## Exercise directions:
Identify all lines of the data containing the string "definition" and copy them.

## Supplied records:
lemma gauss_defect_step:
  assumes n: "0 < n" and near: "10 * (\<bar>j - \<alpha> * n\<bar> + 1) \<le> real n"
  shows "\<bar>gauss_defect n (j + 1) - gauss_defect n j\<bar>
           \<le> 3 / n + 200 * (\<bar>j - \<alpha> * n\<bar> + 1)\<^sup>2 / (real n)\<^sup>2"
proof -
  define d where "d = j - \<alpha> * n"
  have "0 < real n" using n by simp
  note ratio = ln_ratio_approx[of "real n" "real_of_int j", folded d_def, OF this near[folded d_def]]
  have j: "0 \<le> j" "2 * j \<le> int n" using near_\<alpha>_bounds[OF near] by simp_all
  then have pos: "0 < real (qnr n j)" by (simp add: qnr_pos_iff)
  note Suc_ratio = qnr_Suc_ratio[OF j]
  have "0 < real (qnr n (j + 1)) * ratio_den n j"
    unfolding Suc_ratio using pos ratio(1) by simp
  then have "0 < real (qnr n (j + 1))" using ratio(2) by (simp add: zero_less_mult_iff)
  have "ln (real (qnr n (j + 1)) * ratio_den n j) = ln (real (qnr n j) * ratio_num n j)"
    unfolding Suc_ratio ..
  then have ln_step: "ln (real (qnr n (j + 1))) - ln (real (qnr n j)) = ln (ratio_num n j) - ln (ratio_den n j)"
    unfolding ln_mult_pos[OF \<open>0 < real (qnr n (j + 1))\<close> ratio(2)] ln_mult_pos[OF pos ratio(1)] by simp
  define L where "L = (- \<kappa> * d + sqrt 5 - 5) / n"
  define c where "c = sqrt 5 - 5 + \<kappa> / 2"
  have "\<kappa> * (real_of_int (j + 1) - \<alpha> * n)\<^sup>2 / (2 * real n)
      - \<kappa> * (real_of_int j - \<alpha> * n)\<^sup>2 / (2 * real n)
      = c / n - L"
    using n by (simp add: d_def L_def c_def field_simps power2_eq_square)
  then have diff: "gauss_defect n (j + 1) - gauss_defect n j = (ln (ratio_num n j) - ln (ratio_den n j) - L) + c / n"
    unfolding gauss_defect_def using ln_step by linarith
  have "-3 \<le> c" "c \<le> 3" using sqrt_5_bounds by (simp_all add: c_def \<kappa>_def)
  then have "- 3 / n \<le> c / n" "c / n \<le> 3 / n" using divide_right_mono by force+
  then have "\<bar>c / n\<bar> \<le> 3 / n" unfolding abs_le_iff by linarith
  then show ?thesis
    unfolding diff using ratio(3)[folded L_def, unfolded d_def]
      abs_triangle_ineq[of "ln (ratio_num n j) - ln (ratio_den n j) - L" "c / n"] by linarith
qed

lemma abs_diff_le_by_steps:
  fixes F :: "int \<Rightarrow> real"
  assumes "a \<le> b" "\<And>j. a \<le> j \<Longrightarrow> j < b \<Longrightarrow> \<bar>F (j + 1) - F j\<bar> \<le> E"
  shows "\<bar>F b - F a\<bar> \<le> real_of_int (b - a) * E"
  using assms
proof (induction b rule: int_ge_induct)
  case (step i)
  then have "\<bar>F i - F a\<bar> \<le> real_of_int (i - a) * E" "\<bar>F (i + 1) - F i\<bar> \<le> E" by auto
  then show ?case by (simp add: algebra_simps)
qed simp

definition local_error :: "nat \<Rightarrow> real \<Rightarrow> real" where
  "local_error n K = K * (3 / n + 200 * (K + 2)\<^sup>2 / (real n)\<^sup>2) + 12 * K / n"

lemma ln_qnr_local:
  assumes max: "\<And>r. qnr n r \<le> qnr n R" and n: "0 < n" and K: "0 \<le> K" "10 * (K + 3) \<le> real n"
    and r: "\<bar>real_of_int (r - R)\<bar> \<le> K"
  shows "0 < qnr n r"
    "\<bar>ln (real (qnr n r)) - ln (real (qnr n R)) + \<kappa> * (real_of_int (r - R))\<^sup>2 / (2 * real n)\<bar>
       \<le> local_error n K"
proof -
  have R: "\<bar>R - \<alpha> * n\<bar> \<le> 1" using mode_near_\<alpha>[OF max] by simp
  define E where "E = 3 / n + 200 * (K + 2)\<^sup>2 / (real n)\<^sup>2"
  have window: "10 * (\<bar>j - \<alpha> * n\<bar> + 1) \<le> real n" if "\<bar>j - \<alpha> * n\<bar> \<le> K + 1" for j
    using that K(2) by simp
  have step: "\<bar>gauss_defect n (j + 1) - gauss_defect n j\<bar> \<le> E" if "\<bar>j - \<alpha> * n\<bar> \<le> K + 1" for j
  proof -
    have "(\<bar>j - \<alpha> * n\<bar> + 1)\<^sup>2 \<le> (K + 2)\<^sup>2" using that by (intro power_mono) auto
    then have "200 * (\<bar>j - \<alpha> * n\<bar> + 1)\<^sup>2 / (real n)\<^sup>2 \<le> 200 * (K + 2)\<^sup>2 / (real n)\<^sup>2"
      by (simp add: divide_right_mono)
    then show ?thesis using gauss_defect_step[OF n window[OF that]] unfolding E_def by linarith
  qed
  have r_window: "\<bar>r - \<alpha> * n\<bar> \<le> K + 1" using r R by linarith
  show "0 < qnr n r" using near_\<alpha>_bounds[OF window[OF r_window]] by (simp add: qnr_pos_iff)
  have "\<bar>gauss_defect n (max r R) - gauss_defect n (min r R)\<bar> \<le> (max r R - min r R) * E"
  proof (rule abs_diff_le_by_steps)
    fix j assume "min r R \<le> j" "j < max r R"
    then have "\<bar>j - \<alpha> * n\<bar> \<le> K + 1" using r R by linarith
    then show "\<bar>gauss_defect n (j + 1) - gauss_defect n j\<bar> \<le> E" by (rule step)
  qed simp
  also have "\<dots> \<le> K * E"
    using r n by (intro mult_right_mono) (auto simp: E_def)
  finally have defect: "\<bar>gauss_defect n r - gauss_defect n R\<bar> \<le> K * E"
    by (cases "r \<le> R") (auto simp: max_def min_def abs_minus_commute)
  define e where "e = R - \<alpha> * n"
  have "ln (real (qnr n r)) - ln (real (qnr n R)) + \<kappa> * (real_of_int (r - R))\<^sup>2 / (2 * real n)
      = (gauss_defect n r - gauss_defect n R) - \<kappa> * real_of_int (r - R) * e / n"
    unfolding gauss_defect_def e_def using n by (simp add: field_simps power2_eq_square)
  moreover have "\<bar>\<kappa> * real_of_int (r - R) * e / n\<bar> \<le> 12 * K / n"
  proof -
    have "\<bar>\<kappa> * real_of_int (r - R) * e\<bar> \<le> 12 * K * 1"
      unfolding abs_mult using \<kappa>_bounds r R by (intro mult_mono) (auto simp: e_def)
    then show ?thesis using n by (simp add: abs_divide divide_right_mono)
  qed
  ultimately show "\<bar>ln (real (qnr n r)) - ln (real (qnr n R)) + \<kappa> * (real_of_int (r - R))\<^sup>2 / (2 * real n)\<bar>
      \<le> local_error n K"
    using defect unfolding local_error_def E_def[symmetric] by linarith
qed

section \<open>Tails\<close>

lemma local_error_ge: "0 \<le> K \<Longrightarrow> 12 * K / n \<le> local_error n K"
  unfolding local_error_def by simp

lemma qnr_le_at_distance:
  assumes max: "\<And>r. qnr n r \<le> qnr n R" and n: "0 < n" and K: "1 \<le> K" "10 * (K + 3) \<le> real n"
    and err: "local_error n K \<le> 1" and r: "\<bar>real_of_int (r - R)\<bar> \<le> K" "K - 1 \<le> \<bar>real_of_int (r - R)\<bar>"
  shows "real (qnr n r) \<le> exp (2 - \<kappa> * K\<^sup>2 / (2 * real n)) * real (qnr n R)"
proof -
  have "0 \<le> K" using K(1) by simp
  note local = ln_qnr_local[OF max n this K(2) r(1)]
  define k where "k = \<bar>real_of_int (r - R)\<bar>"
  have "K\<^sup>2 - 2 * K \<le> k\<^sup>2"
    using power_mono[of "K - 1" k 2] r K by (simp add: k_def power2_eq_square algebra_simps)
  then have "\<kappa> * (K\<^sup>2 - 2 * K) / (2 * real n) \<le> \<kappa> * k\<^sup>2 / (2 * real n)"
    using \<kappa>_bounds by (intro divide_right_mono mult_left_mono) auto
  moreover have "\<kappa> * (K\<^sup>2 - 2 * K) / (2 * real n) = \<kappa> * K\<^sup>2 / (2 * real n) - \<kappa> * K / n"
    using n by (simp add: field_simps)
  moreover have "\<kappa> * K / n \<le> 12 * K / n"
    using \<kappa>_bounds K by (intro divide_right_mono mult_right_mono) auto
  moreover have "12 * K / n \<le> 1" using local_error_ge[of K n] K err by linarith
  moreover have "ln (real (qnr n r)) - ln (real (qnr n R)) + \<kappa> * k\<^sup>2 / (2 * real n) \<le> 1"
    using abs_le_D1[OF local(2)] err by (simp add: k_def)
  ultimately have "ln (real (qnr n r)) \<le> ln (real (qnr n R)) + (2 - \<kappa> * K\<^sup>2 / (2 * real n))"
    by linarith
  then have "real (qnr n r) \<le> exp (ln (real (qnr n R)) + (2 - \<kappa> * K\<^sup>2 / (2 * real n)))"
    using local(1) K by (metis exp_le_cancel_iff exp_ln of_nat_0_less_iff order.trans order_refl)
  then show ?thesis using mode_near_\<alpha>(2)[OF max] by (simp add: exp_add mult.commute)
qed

==

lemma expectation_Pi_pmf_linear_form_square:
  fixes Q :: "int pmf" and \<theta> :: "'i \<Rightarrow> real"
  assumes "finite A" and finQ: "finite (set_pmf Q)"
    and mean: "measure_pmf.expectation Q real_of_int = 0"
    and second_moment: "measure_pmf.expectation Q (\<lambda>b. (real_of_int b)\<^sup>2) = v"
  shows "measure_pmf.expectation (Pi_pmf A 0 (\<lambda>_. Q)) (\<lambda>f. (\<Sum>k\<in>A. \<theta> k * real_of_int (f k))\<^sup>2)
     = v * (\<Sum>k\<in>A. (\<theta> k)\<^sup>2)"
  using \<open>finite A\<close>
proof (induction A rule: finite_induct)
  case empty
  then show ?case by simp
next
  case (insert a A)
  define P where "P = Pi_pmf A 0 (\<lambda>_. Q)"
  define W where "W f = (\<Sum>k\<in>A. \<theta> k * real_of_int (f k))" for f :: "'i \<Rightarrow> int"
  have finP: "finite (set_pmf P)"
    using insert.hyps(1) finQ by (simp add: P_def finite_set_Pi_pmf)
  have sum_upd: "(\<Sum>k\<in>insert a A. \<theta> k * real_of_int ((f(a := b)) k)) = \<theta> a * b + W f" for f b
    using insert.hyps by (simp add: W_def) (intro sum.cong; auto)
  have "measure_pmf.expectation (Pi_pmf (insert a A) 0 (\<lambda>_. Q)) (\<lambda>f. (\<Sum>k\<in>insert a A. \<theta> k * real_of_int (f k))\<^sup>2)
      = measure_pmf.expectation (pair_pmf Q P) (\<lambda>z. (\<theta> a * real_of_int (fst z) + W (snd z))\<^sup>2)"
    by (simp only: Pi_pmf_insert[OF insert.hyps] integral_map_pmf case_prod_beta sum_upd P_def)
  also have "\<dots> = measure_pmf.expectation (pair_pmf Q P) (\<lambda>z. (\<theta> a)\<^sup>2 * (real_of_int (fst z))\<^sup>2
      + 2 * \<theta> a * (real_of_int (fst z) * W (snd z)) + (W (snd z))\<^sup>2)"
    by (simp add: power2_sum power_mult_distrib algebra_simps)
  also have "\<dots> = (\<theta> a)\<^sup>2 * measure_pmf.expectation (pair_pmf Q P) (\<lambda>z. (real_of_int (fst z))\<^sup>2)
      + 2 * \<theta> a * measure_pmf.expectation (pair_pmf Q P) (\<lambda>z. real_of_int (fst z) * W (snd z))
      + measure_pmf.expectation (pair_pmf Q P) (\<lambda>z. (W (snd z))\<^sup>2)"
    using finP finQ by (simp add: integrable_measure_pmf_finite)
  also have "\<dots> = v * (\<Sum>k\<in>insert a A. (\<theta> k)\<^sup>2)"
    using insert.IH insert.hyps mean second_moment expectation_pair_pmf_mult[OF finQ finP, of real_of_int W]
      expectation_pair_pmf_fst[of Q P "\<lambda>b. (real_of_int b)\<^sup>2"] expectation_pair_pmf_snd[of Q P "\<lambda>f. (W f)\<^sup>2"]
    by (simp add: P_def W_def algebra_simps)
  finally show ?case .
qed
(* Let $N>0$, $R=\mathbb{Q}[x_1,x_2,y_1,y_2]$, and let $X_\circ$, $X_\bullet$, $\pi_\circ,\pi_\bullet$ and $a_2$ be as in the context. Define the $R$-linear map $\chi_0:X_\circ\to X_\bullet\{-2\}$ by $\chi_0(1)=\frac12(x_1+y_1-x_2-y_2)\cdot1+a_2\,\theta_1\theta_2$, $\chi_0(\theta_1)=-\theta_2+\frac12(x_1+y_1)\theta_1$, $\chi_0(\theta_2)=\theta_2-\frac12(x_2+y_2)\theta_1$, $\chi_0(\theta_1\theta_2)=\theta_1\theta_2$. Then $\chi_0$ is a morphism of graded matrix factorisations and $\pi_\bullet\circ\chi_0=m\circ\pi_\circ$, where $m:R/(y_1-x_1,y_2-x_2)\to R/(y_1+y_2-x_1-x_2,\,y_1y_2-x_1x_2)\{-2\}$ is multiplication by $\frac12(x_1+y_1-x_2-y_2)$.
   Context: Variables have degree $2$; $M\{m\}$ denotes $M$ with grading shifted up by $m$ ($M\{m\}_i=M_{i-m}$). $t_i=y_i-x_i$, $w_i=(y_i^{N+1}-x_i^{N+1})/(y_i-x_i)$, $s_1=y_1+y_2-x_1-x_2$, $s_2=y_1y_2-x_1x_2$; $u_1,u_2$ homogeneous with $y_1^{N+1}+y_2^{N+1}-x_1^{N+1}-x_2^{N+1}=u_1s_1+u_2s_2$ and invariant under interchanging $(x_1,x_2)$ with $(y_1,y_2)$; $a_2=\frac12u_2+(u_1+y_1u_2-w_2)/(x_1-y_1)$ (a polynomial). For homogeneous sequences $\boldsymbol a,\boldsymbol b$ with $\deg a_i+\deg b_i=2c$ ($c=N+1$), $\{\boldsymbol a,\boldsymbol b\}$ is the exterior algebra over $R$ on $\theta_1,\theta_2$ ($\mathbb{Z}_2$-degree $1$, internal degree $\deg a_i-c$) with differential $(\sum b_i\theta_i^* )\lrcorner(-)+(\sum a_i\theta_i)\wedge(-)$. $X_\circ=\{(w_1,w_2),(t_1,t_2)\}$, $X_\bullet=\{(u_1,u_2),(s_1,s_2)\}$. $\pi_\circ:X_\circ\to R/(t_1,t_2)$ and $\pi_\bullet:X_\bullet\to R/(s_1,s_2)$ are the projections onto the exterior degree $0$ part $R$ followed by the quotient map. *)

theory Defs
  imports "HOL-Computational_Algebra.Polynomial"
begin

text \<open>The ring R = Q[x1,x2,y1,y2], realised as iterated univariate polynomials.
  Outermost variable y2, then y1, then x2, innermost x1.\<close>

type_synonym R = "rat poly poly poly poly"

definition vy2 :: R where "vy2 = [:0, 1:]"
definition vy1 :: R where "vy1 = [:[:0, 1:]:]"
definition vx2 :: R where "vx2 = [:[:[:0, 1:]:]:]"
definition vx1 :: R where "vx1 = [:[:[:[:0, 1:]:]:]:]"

---

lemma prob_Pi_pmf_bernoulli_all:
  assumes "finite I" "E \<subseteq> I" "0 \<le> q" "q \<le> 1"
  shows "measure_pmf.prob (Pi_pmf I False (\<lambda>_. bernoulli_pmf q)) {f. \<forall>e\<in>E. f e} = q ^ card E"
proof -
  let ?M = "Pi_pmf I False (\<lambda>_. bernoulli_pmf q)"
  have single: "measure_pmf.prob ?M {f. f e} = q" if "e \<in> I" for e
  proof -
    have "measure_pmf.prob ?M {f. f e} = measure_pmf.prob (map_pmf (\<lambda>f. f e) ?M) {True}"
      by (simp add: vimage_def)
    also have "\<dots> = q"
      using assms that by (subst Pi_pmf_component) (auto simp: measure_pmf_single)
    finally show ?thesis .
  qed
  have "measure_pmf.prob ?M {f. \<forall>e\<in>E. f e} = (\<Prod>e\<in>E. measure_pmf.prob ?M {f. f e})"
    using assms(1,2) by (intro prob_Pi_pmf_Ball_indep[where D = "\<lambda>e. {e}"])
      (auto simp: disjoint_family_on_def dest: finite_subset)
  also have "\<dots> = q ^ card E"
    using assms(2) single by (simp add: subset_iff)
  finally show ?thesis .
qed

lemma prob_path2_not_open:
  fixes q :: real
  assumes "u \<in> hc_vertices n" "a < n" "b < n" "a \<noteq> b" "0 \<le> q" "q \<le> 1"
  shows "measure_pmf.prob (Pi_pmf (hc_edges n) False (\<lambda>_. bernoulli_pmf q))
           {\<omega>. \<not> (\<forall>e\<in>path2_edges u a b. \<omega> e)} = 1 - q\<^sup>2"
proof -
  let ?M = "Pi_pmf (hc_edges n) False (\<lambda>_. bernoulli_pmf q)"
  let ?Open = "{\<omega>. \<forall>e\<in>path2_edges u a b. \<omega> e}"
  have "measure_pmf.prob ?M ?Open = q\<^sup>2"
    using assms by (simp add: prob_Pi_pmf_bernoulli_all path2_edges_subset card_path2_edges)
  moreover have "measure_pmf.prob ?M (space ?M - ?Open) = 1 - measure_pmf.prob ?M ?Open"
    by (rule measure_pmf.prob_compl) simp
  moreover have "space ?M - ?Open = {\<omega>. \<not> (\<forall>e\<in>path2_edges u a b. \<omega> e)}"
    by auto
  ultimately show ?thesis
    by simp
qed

## Written response:
definition local_error :: "nat \<Rightarrow> real \<Rightarrow> real" where
definition vy2 :: R where "vy2 = [:0, 1:]"
definition vy1 :: R where "vy1 = [:[:0, 1:]:]"
definition vx2 :: R where "vx2 = [:[:[:0, 1:]:]:]"
definition vx1 :: R where "vx1 = [:[:[:[:0, 1:]:]:]:]"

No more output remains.